I would look around for some 452s in good shape. They flow the same as the 906, but have the hardened seats for unleaded fuel.

But if your block came with 516's, adding these heads will really drop your compression. Since the 516 had smaller chambers

Also hardened seats are not a requirement, unless you tow or have a motorhome. Larger duration cams in a car, also with correct tuning run the exhuast valves cooler. Along with less driving we do with these cars, you'll never need them.

Stock 2 barrel 383 had 8 to 8.5 comp at best.
 
I was wondering for the OE poster. If he has not a hi stall converter, the getting one, even a cheap one, well, kind of throws "Cheap" out the window some. ($$$ Dependent of course on the verter price)

Trying to work within the confines of Cheap and what he has allready, the stall of the converter limits the cam choices. For a cam choice, if the converter is a low stall, I'm guessing a OE road runner cam would be too much. Do-able, but a bit much for the OE low stall.

Also, Is there a hi stall for '78 model years? Not to thread hi-jack, but I have a '78 P code 400 & 727.

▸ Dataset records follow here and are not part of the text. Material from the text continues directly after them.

definition N_count :: "nat \<Rightarrow> (nat \<Rightarrow> 'a::ab_group_add set) \<Rightarrow> nat \<Rightarrow> 'a \<Rightarrow> nat" where
  "N_count m A i \<delta> = card {(a, b). a \<in> A i \<and> (\<exists>j\<in>{1..m}. j \<noteq> i \<and> b \<in> A j) \<and> a - b = \<delta>}"

definition bimodal :: "nat \<Rightarrow> (nat \<Rightarrow> 'a::ab_group_add set) \<Rightarrow> bool" where
  "bimodal m A \<longleftrightarrow> (\<forall>i\<in>{1..m}. \<forall>\<delta>. \<delta> \<noteq> 0 \<longrightarrow> N_count m A i \<delta> \<in> {0, card (A i)})"

definition sumset_family :: "nat \<Rightarrow> (nat \<Rightarrow> 'a::ab_group_add set) \<Rightarrow> 'a set" where
  "sumset_family r H = {(\<Sum>i\<in>{1..r}. f i) | f. \<forall>i\<in>{1..r}. f i \<in> H i}"

end

theory Submission
  imports Defs
begin

text \<open>
  Write B_i for the union of the sets A_j with j \<noteq> i. Bimodality says precisely that
  B_i + H_i = B_i. Canonical position gives 0 \<notin> A and A_1 \<subseteq> H_1. For k \<le> r this forces
  A_k \<subseteq> H_k: otherwise H_k misses A, hence H_k \<subseteq> H_1, so the coset of H_k through A_k lies
  in B_1 \<subseteq> A, and a point of it outside A_k would translate back into B_k. Consequently
  A - H is invariant under every H_k with k \<le> r, i.e. under H. For j > r the set A_j is a
  full coset of H_j, so H_j stabilises all of A; an element of H_j outside H would then
  lie in A - H and hence in A, which with 0 \<notin> A is impossible. So every A_i lies in a
  single coset of H, and A - H is the union of those A_i that it contains.
\<close>

lemma is_subgroup_zero: "is_subgroup K \<Longrightarrow> 0 \<in> K"
  by (simp add: is_subgroup_def)

lemma is_subgroup_diff: "is_subgroup K \<Longrightarrow> x \<in> K \<Longrightarrow> y \<in> K \<Longrightarrow> x - y \<in> K"
  by (simp add: is_subgroup_def)

lemma is_subgroup_uminus: "is_subgroup K \<Longrightarrow> x \<in> K \<Longrightarrow> - x \<in> K"
  using is_subgroup_diff[of K 0 x] is_subgroup_zero[of K] by simp

lemma is_subgroup_add: "is_subgroup K \<Longrightarrow> x \<in> K \<Longrightarrow> y \<in> K \<Longrightarrow> x + y \<in> K"
  using is_subgroup_diff[of K x "- y"] is_subgroup_uminus[of K y] by simp

lemma is_subgroup_add_iff: "is_subgroup K \<Longrightarrow> h \<in> K \<Longrightarrow> x + h \<in> K \<longleftrightarrow> x \<in> K"
  using is_subgroup_add[of K x h] is_subgroup_diff[of K "x + h" h] by auto

lemma is_subgroup_sum: "is_subgroup K \<Longrightarrow> (\<And>i. i \<in> I \<Longrightarrow> f i \<in> K) \<Longrightarrow> sum f I \<in> K"
  by (induction I rule: infinite_finite_induct) (auto simp: is_subgroup_zero is_subgroup_add)

lemma is_subgroup_gen_subgroup: "is_subgroup (gen_subgroup X)"
  unfolding gen_subgroup_def is_subgroup_def by auto

lemma gen_subgroup_least: "is_subgroup K \<Longrightarrow> X \<subseteq> K \<Longrightarrow> gen_subgroup X \<subseteq> K"
  unfolding gen_subgroup_def by auto

lemma gen_subgroup_superset: "X \<subseteq> gen_subgroup X"
  unfolding gen_subgroup_def by auto

lemma is_subgroup_diff_group: "is_subgroup (diff_group S)"
  unfolding diff_group_def by (rule is_subgroup_gen_subgroup)

lemma diff_mem_diff_group: "x \<in> S \<Longrightarrow> y \<in> S \<Longrightarrow> x - y \<in> diff_group S"
  unfolding diff_group_def by (rule subsetD[OF gen_subgroup_superset]) blast

lemma subset_coset_diff_group: "x \<in> S \<Longrightarrow> S \<subseteq> (\<lambda>h. x + h) ` diff_group S"
  by (force intro: image_eqI[of _ _ "_ - x"] diff_mem_diff_group)

lemma subset_diff_group_if_mem: "x \<in> S \<Longrightarrow> x \<in> diff_group S \<Longrightarrow> S \<subseteq> diff_group S"
  using subset_coset_diff_group[of x S] is_subgroup_add[OF is_subgroup_diff_group, of x] by auto

lemma coset_diff_group_eq_iff_card:
  assumes "finite (diff_group S)" and "x \<in> S"
  shows "S = (\<lambda>h. x + h) ` diff_group S \<longleftrightarrow> card (diff_group S) \<le> card S"
proof -
  have "card ((\<lambda>h. x + h) ` diff_group S) = card (diff_group S)"
    by (simp add: card_image)
  then show ?thesis
    using subset_coset_diff_group[OF assms(2)] assms(1)
    by (metis card_seteq finite_imageI order_refl)
qed

definition stabilizer :: "'a::ab_group_add set \<Rightarrow> 'a set" where
  "stabilizer X = {h. \<forall>x. x \<in> X \<longleftrightarrow> x + h \<in> X}"

lemma stabilizer_add_iff: "h \<in> stabilizer X \<Longrightarrow> x + h \<in> X \<longleftrightarrow> x \<in> X"
  unfolding stabilizer_def by blast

What was the gear ratio of this car again?
 
I was wondering for the OE poster. If he has not a hi stall converter, the getting one, even a cheap one, well, kind of throws "Cheap" out the window some. ($$$ Dependent of course on the verter price)

Trying to work within the confines of Cheap and what he has allready, the stall of the converter limits the cam choices. For a cam choice, if the converter is a low stall, I'm guessing a OE road runner cam would be too much. Do-able, but a bit much for the OE low stall.

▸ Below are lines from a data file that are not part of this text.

text \<open>A matrix with independent rows has a right inverse, namely T^t (T T^t)^-1.\<close>
lemma lin_indep_rows_right_inverse:
  fixes T :: "'a::linordered_field mat"
  assumes T: "T \<in> carrier_mat n c" and indep: "lin_indep_rows T"
  obtains R where "R \<in> carrier_mat c n" "T * R = 1\<^sub>m n"
proof -
  let ?Tt = "transpose_mat T"
  have Tt: "?Tt \<in> carrier_mat c n" and G: "T * ?Tt \<in> carrier_mat n n" using T by auto
  from det_non_zero_imp_unit[OF G lin_indep_rows_gram_det[OF T indep], of "()"]
  obtain B where B: "B \<in> carrier_mat n n" "T * ?Tt * B = 1\<^sub>m n"
    unfolding Units_def by (auto simp: ring_mat_simps)
  have "T * (?Tt * B) = 1\<^sub>m n" using B(2) assoc_mult_mat[OF T Tt B(1)] by simp
  then show ?thesis using that[of "?Tt * B"] Tt B(1) by auto
qed

lemma right_inverse_rank:
  fixes B :: "'a::field mat"
  assumes B: "B \<in> carrier_mat n m" and R: "R \<in> carrier_mat m n" and BR: "B * R = 1\<^sub>m n"
  shows "vec_space.rank n B = n"
proof -
  interpret vec_space "TYPE('a)" n .
  have "col_space B = carrier_vec n"
  proof
    show "col_space B \<subseteq> carrier_vec n" using col_space_eq[OF B] B by auto
    show "carrier_vec n \<subseteq> col_space B"
    proof
      fix y :: "'a vec" assume y: "y \<in> carrier_vec n"
      have "B *\<^sub>v (R *\<^sub>v y) = y" using assoc_mult_mat_vec[OF B R y, symmetric] BR y by simp
      moreover have "R *\<^sub>v y \<in> carrier_vec (dim_col B)" using R B y by auto
      ultimately show "y \<in> col_space B" using col_space_eq[OF B] B y by auto
    qed
  qed
  then have span: "span (set (cols B)) = carrier_vec n" unfolding col_space_def .
  have V: "vs (carrier_vec n) = V" unfolding module_vec_def by simp
  have "rank B = dim" unfolding rank_def span V by simp
  then show ?thesis using dim_is_n by simp
qed

lemma right_inverse_int_rank:
  assumes B: "B \<in> carrier_mat n m" and R: "R \<in> carrier_mat m n"
    and BR: "map_mat rat_of_int B * R = 1\<^sub>m n"
  shows "int_mat_rank B = n" and "n \<le> m"
proof -
  have Bq: "map_mat rat_of_int B \<in> carrier_mat n m" using B by auto
  have rank: "vec_space.rank n (map_mat rat_of_int B) = n" by (rule right_inverse_rank[OF Bq R BR])
  then show "int_mat_rank B = n" unfolding int_mat_rank_def using B by auto
  show "n \<le> m" using vec_space.rank_le_nc[OF Bq] rank by simp
qed

lemma det_pow_mat:
  assumes A: "A \<in> carrier_mat n n"
  shows "det (A ^\<^sub>m m) = det A ^ m"
proof (induction m)
  case (Suc m)
  have "det (A ^\<^sub>m Suc m) = det (A ^\<^sub>m m) * det A" by (simp add: det_mult[OF pow_carrier_mat[OF A] A])
  then show ?case using Suc by simp
qed simp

Also, Is there a hi stall for '78 model years? Not to thread hi-jack, but I have a '78 P code 400 & 727.

What was the gear ratio of this car again?

I'will eventually put 3.91's in the rear. As for the stall converter, I don't even have a BB 727 yet, so when the funds become available; I will be on the search for a decent priced converter. I'm thinking something in the 3000-3500 range for a decent launch??
 
But if your block came with 516's, adding these heads will really drop your compression. Since the 516 had smaller chambers

Also hardened seats are not a requirement, unless you tow or have a motorhome. Larger duration cams in a car, also with correct tuning run the exhuast valves cooler. Along with less driving we do with these cars, you'll never need them.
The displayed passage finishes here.